10,117 posts, read 10,001,218 times
Reputation: 5785
Quote:
Originally Posted by ClevelandBrown View Post
Baltimore is a bad example to use, IMO, because Baltimore-DC is in the same boat as Cleveland-Akron, in that while I haven't done the math, I'm guessing it just misses the cutoff of a combined MSA by a couple percentage points. So yeah, Baltimore, which is one of the most urban cities in the country, does feel bigger. To me, it is the northern anchor of a metro area of 9 million people, whether recognized or not.
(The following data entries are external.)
lemma mv_fslice_gd_step:
  fixes X U :: tensor and r R :: nat
  assumes "0 < k" and "a < n"
  defines "D \<equiv> tsub (tprod k r X (ttr k X)) (tprod k R U (ttr k U))"
  shows "mv R (fslice k (gd_step n r R k m As \<mu> X U) j) u a
    = mv R (fslice k U j) u a + complex_of_real \<mu> *
      (mv r (fslice k X j) (mv n (adj (fslice k X j)) (mv R (fslice k U j) u)) a
       - mv R (fslice k U j) (mv n (adj (fslice k U j)) (mv R (fslice k U j) u)) a
       + mv n (fslice k (tsub (AstarA n k m As D) D) j) (mv R (fslice k U j) u) a)"
proof -
  let ?w = "mv R (fslice k U j) u"
  have "mv R (fslice k (gd_step n r R k m As \<mu> X U) j) u a
      = mv n (fslice k (tadd tid (tscale \<mu> (AstarA n k m As D))) j) ?w a"
    unfolding gd_step_def D_def using assms(1) by (simp add: fslice_simps mv_mm)
  also have "\<dots> = mv n idm ?w a + complex_of_real \<mu> * mv n (fslice k (AstarA n k m As D) j) ?w a"
    using assms(1) unfolding mv_def
    by (simp add: fslice_tadd fslice_tscale fslice_tid distrib_right sum.distrib sum_distrib_left mult.assoc)
  also have "mv n (fslice k (AstarA n k m As D) j) ?w a
      = mv n (mm r (fslice k X j) (adj (fslice k X j))) ?w a
        - mv n (mm R (fslice k U j) (adj (fslice k U j))) ?w a
        + mv n (fslice k (tsub (AstarA n k m As D) D) j) ?w a"
    using assms(1) unfolding mv_def D_def
    by (simp add: fslice_simps distrib_right sum.distrib left_diff_distrib sum_subtractf)
  finally show ?thesis using assms(2) by (simp add: mv_idm mv_mm)
qed

lemma step_size_le:
  fixes \<mu> L \<sigma> :: real
  assumes L: "0 < L" and \<sigma>: "0 < \<sigma>" and \<mu>: "\<mu> \<le> c * L powr (-2) * (L / \<sigma>) powr (-2)"
  shows "\<mu> * L ^ 4 \<le> c * \<sigma>\<^sup>2"
proof -
  have "x powr (-2) = 1 / x\<^sup>2" if "0 < x" for x :: real
    using that by (simp add: powr_minus powr_numeral divide_inverse)
  hence "\<mu> \<le> c * (1 / L\<^sup>2) * (1 / (L / \<sigma>)\<^sup>2)" using \<mu> L \<sigma> by simp
  also have "\<dots> = c * \<sigma>\<^sup>2 / L ^ 4"
    using L \<sigma> by (simp add: field_simps power2_eq_square power4_eq_xxxx)
  finally show ?thesis using L by (simp add: field_simps)
qed
lemma card_clique_tuples: "card (clique_tuples t) = card max_cliques ^ t"
  by (simp add: clique_tuples_def card_PiE)

lemma clique_tuple_clique: "f \<in> clique_tuples t \<Longrightarrow> i < t \<Longrightarrow> is_clique V E (f i)"
  by (auto simp: clique_tuples_def max_cliques_def)

lemma Union_clique_tuple_subset: "f \<in> clique_tuples t \<Longrightarrow> (\<Union>i<t. f i) \<subseteq> V"
  using clique_tuple_clique by (auto simp: is_clique_def)

lemma card_clique_tuples_avoiding:
  "card {f \<in> clique_tuples t. X \<inter> (\<Union>i<t. f i) = {}} = max_cliques_avoiding X ^ t"
proof -
  have "{f \<in> clique_tuples t. X \<inter> (\<Union>i<t. f i) = {}}
      = {f \<in> PiE {..<t} (\<lambda>_. max_cliques). \<forall>i<t. X \<inter> f i = {}}"
    by (auto simp: clique_tuples_def)
  then show ?thesis
    using card_PiE_filter_all[OF finite_max_cliques, of t "\<lambda>C. X \<inter> C = {}"]
    by (simp add: max_cliques_avoiding_def)
qed
definition isomorphic_reps ::
  "('g, 'b) monoid_scheme \<Rightarrow> ('g \<Rightarrow> complex^'n^'n) \<Rightarrow> ('g \<Rightarrow> complex^'m^'m) \<Rightarrow> bool" where
  "isomorphic_reps G \<rho> \<sigma> \<longleftrightarrow>
     (\<exists>(P::complex^'n^'m) (Q::complex^'m^'n). P ** Q = mat 1 \<and> Q ** P = mat 1 \<and>
        (\<forall>g\<in>carrier G. P ** \<rho> g = \<sigma> g ** P))"

definition dual_character ::
  "('v \<Rightarrow> 'v \<Rightarrow> 'f::field) set \<Rightarrow> ((('v \<Rightarrow> 'v \<Rightarrow> 'f) \<Rightarrow> 'f) \<Rightarrow> complex) \<Rightarrow> bool" where
  "dual_character K \<xi> \<longleftrightarrow>
     (\<forall>t\<in>Kdual K. \<xi> t \<noteq> 0) \<and>
     (\<forall>t\<in>Kdual K. \<forall>s\<in>Kdual K. \<xi> (\<lambda>k. t k + s k) = \<xi> t * \<xi> s)"

definition nontrivial_dual_character ::
  "('v \<Rightarrow> 'v \<Rightarrow> 'f::field) set \<Rightarrow> ((('v \<Rightarrow> 'v \<Rightarrow> 'f) \<Rightarrow> 'f) \<Rightarrow> complex) \<Rightarrow> bool" where
  "nontrivial_dual_character K \<xi> \<longleftrightarrow> dual_character K \<xi> \<and> (\<exists>t\<in>Kdual K. \<xi> t \<noteq> 1)"

definition has_central_character ::
  "('v::zero \<Rightarrow> 'v \<Rightarrow> 'f::field) set \<Rightarrow> ('v \<times> (('v \<Rightarrow> 'v \<Rightarrow> 'f) \<Rightarrow> 'f) \<Rightarrow> complex^'n^'n)
   \<Rightarrow> ((('v \<Rightarrow> 'v \<Rightarrow> 'f) \<Rightarrow> 'f) \<Rightarrow> complex) \<Rightarrow> bool" where
  "has_central_character K \<rho> \<xi> \<longleftrightarrow> (\<forall>t\<in>Kdual K. \<rho> (0, t) = mat (\<xi> t))"

end

theory Submission
  imports Defs "HOL-Library.Function_Algebras"
begin

text \<open>
  For \<open>v \<noteq> 0\<close> the map \<open>w \<mapsto> \<omega>\<^sub>K(v,w)\<close> sends \<open>V\<close> onto \<open>K\<^sup>*\<close>: its transpose
  \<open>k \<mapsto> k(v,\<cdot>)\<close> is injective because \<open>K\<close> is symplectic, and a counting argument over
  the finite field turns this into surjectivity. Choosing \<open>w\<close> with \<open>\<xi>(\<omega>\<^sub>K(v,w)) \<noteq> 1\<close>, the
  elements \<open>(v,t)\<close> and \<open>(w,0)\<close> commute up to a central element on which \<xi> is nontrivial,
  so every representation with central character \<xi> has trace zero off the centre. Hence
  \<open>\<Sum>\<^sub>g tr \<sigma>(g) tr \<rho>(g\<^sup>-\<^sup>1) = |K\<^sup>*| dim \<rho> dim \<sigma> \<noteq> 0\<close>. For non-isomorphic irreducible
  \<rho> and \<sigma>, Schur's lemma kills every averaged intertwiner \<open>\<Sum>\<^sub>g \<sigma>(g) X \<rho>(g\<^sup>-\<^sup>1)\<close>, and taking
  for \<open>X\<close> the matrix units shows that the same sum is \<open>0\<close>.
\<close>

section \<open>Linear functionals on a finite vector space\<close>

definition lin_functionals :: "('f::field \<Rightarrow> 'a::ab_group_add \<Rightarrow> 'a) \<Rightarrow> 'a set \<Rightarrow> ('a \<Rightarrow> 'f) set" where
  "lin_functionals scl U = {f. (\<forall>x\<in>U. \<forall>y\<in>U. f (x + y) = f x + f y) \<and>
     (\<forall>a. \<forall>x\<in>U. f (scl a x) = a * f x) \<and> (\<forall>x. x \<notin> U \<longrightarrow> f x = 0)}"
But even Cleveland-Akron vs. Baltimore isn't that much of a difference.

Population
Baltimore: 2,808,175
Cleveland-Akron: 2,762,349

Land area
Baltimore: 2,601 square miles
Cleveland-Akron: 2,895

GDP
Baltimore: 192.178
Cleveland-Akron: 175.498

So, Baltimore has an edge, but it's not as big of one as you make it seem.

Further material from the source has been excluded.